ASSIGNMENT — Copy nothing but the lines below running from the line containing "comp C g f \<in>" through the line containing "C T \<longleftrightarrow>", both end lines included.

MATERIAL SUPPLIED —
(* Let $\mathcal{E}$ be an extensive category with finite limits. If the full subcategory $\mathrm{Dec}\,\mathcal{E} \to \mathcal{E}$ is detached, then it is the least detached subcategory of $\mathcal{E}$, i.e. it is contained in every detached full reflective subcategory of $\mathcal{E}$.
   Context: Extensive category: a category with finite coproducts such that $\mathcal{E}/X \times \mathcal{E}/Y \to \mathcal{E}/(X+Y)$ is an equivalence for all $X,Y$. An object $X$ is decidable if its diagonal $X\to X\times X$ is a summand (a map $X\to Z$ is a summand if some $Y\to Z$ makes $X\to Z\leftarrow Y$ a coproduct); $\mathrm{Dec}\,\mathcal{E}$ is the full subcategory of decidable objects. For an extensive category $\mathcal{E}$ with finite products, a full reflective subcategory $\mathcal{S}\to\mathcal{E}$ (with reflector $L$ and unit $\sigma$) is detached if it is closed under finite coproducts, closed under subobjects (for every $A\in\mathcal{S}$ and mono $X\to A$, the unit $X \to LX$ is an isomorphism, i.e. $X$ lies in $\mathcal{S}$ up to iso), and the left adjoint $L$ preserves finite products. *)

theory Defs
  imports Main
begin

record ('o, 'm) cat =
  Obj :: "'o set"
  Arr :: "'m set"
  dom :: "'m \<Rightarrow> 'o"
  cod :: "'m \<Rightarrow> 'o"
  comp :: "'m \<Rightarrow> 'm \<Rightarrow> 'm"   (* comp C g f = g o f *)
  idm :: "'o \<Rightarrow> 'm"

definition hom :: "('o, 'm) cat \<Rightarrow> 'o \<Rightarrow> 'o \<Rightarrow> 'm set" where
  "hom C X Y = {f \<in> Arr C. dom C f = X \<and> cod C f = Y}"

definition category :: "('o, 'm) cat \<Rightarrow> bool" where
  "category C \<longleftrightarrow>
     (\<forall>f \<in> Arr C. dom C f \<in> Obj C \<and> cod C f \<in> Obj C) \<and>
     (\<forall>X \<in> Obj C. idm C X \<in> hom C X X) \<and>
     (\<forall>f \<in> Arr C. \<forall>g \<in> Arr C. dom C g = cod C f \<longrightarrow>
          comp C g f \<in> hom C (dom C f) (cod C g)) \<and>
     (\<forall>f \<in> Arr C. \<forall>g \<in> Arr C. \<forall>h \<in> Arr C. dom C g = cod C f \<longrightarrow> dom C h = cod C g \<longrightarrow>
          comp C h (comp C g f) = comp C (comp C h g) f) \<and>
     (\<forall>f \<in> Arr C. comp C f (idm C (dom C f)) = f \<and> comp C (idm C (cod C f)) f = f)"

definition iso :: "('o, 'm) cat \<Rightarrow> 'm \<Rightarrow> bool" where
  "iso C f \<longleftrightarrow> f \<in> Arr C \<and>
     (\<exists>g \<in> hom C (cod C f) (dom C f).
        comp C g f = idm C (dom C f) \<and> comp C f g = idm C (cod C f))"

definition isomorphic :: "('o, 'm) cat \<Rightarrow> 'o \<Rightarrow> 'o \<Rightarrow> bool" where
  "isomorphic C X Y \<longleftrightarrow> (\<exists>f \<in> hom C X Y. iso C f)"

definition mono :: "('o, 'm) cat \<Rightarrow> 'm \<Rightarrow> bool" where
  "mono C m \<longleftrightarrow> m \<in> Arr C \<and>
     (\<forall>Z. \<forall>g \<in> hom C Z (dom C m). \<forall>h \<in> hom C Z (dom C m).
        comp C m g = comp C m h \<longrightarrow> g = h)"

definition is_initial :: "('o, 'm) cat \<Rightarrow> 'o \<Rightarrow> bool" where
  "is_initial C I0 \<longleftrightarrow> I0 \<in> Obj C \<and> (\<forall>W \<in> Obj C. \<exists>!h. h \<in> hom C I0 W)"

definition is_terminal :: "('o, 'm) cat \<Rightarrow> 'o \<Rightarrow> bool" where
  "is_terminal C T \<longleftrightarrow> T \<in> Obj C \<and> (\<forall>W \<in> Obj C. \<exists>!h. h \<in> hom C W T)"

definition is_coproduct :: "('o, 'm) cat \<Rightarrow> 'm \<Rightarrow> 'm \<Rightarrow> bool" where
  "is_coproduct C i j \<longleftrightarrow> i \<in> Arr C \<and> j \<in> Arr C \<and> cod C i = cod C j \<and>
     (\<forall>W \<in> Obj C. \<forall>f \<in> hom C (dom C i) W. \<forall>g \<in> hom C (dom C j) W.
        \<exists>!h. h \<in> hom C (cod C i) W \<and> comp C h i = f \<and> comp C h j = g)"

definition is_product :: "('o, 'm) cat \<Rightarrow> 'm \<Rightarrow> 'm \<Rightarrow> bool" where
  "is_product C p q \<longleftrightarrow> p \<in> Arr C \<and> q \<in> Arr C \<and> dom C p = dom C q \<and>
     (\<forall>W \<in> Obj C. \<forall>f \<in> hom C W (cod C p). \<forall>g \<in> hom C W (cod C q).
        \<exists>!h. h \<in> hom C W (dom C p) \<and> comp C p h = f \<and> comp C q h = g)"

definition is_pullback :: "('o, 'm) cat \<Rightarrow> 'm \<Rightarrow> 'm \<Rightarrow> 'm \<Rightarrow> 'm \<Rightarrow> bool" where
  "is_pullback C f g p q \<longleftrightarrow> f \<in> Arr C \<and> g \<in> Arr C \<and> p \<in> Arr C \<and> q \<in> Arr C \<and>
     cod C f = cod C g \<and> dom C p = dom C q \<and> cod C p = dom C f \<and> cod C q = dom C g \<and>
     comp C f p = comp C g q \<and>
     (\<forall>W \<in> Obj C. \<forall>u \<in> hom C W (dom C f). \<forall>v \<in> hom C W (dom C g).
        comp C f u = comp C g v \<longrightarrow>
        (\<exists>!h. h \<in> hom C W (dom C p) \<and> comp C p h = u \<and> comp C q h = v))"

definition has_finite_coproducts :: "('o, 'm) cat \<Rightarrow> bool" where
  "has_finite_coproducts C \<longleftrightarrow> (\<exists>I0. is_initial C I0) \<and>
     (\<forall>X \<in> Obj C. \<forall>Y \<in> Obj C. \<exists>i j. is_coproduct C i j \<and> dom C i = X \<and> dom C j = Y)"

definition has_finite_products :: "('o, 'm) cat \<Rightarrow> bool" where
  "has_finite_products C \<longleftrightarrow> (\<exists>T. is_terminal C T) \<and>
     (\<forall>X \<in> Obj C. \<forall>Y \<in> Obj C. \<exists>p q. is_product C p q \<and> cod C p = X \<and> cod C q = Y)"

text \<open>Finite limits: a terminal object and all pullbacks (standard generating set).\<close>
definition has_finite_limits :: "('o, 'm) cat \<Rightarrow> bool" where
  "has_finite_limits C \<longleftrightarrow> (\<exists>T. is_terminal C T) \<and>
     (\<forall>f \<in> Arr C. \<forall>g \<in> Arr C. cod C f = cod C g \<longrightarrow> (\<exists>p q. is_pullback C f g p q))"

EXPECTED ANSWER —
          comp C g f \<in> hom C (dom C f) (cod C g)) \<and>
     (\<forall>f \<in> Arr C. \<forall>g \<in> Arr C. \<forall>h \<in> Arr C. dom C g = cod C f \<longrightarrow> dom C h = cod C g \<longrightarrow>
          comp C h (comp C g f) = comp C (comp C h g) f) \<and>
     (\<forall>f \<in> Arr C. comp C f (idm C (dom C f)) = f \<and> comp C (idm C (cod C f)) f = f)"

definition iso :: "('o, 'm) cat \<Rightarrow> 'm \<Rightarrow> bool" where
  "iso C f \<longleftrightarrow> f \<in> Arr C \<and>
     (\<exists>g \<in> hom C (cod C f) (dom C f).
        comp C g f = idm C (dom C f) \<and> comp C f g = idm C (cod C f))"

definition isomorphic :: "('o, 'm) cat \<Rightarrow> 'o \<Rightarrow> 'o \<Rightarrow> bool" where
  "isomorphic C X Y \<longleftrightarrow> (\<exists>f \<in> hom C X Y. iso C f)"

definition mono :: "('o, 'm) cat \<Rightarrow> 'm \<Rightarrow> bool" where
  "mono C m \<longleftrightarrow> m \<in> Arr C \<and>
     (\<forall>Z. \<forall>g \<in> hom C Z (dom C m). \<forall>h \<in> hom C Z (dom C m).
        comp C m g = comp C m h \<longrightarrow> g = h)"

definition is_initial :: "('o, 'm) cat \<Rightarrow> 'o \<Rightarrow> bool" where
  "is_initial C I0 \<longleftrightarrow> I0 \<in> Obj C \<and> (\<forall>W \<in> Obj C. \<exists>!h. h \<in> hom C I0 W)"

definition is_terminal :: "('o, 'm) cat \<Rightarrow> 'o \<Rightarrow> bool" where
  "is_terminal C T \<longleftrightarrow> T \<in> Obj C \<and> (\<forall>W \<in> Obj C. \<exists>!h. h \<in> hom C W T)"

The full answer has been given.